Мама велела Севке сидеть дома и ушла на работу. Он забрался на мамину кровать, разгладил письмо на подушке. Прилег на него щекой… и тут же уснул. И спал, вздрагивая во сне, пока не пришла мама.
Утром Севка и мама пошли в школу вместе. В шумном вестибюле Севка затравленно поглядывал на ребят. Но те пробегали мимо, веселые и равнодушные. Потом он увидел Гету Ивановну. Она шагнула из учительской — в своем «мундирном» платье с эполетами и с указкой-шпагой в руке. Прямая, твердая, как ручка от метлы, ненавистная.
— Иди, — тихо и сурово сказала мама. И подтолкнула Севку.
Он скрутил в себе отчаянный стыд и пошел. Пускай уж сразу…
— Гета Ивановна, — тонко и громко проговорил он, задрав голову. — Простите меня.
— Что-что?.. А, это Глущенко явился! Что ты сказал?
— Простите, я больше не буду, — сбивчиво и тихо повторил Севка и опустил голову.
Гетушка хмыкнула и посмотрела мимо Севки. И увидела маму.
— Здравствуйте! А вы что пришли? Вы не волнуйтесь, мы сами с этим героем разберемся, идите на работу.
Севка украдкой, из-за плеча, глянул на маму. Она вздохнула и стала спускаться по лестнице.
И остался Севка опять один, без всякой защиты.
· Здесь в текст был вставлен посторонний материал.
text \<open>Once all blocks below b are removed, the forces supporting b are part of the cut
  forces; they act at points at least x b and carry at least the weight of b.\<close>
lemma cut_forces_below_block:
  assumes b: "b \<in> {1..n}"
  defines "S \<equiv> {k\<in>{1..n}. y k < y b}"
  shows "measure_of (cut_forces S) {t. t \<ge> x b} \<ge> 1"
proof -
  let ?g = "\<lambda>t. \<Sum>j\<in>{0..n}. F b j t"
  let ?B = "{t \<in> {t. t \<ge> x b}. cut_forces S t \<noteq> 0}"
  have supports_le: "?g t \<le> cut_forces S t" for t
  proof -
    have "?g t = (\<Sum>j\<in>insert 0 S. F b j t)"
    proof (rule sum.mono_neutral_right)
      show "\<forall>j\<in>{0..n} - insert 0 S. F b j t = 0"
      proof (rule ballI, rule ccontr)
        fix j assume j: "j \<in> {0..n} - insert 0 S" and "F b j t \<noteq> 0"
        then have "y b = y j + h" using force_from_block by blast
        with j height_pos show False unfolding S_def by auto
      qed
    qed (auto simp: S_def)
    also have "\<dots> = F b 0 t + (\<Sum>j\<in>S. F b j t)"
      unfolding S_def by (subst sum.insert) auto
    also have "\<dots> \<le> cut_forces S t"
      unfolding cut_forces_def
      by (rule member_le_sum[where f = "\<lambda>i. F i 0 t + (\<Sum>j\<in>S. F i j t)"])
         (use b in \<open>auto simp: S_def force_nonneg sum_nonneg\<close>)
    finally show ?thesis .
  qed
  have "1 \<le> 1 + (\<Sum>k\<in>{1..n}. tot_force (F k b))" using tot_force_nonneg by (simp add: sum_nonneg)
  also have "\<dots> = (\<Sum>j\<in>{0..n}. \<Sum>t\<in>force_points. F b j t)"
    using force_balance[OF b] by (simp add: tot_force_eq_sum[OF finite_force_points supp_in_force_points])
  also have "\<dots> = (\<Sum>t\<in>force_points. ?g t)" by (rule sum.swap)
  also have "\<dots> = (\<Sum>t\<in>?B. ?g t)"
  proof (rule sum.mono_neutral_right[OF finite_force_points])
    show "?B \<subseteq> force_points" using cut_forces_support by auto
    show "\<forall>t\<in>force_points - ?B. ?g t = 0"
    proof (rule ballI, rule ccontr)
      fix t assume t: "t \<in> force_points - ?B" and nz: "?g t \<noteq> 0"
      then obtain j where "F b j t \<noteq> 0" by (meson sum.neutral)
      then have "x b \<le> t" using force_on_block by blast
      moreover have "?g t \<ge> 0" by (simp add: force_nonneg sum_nonneg)
      then have "cut_forces S t \<noteq> 0" using supports_le[of t] nz by linarith
      ultimately show False using t by auto
    qed
  qed
  also have "\<dots> \<le> (\<Sum>t\<in>?B. cut_forces S t)" by (rule sum_mono) (rule supports_le)
  finally show ?thesis unfolding measure_of_def by simp
qed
— И-интересное дело, — слегка нараспев произнесла Гета Ивановна. — Обругал ты меня при всем классе, а извиняешься в уголочке, в коридорчике. Нет уж, ты это делай на уроке при всех ребятах… Иди в класс!
Севка пошел. Разделся. Сел. Владик Сапожков сочувственно спросил с задней парты:
— Досталось, да?
Севка шевельнул плечом. Серега Тощеев сказал издалека:
— Гетушка хоть кого доведет…
— А я скажу, что ты обзываешься! — злорадно сообщила Людка Чернецова.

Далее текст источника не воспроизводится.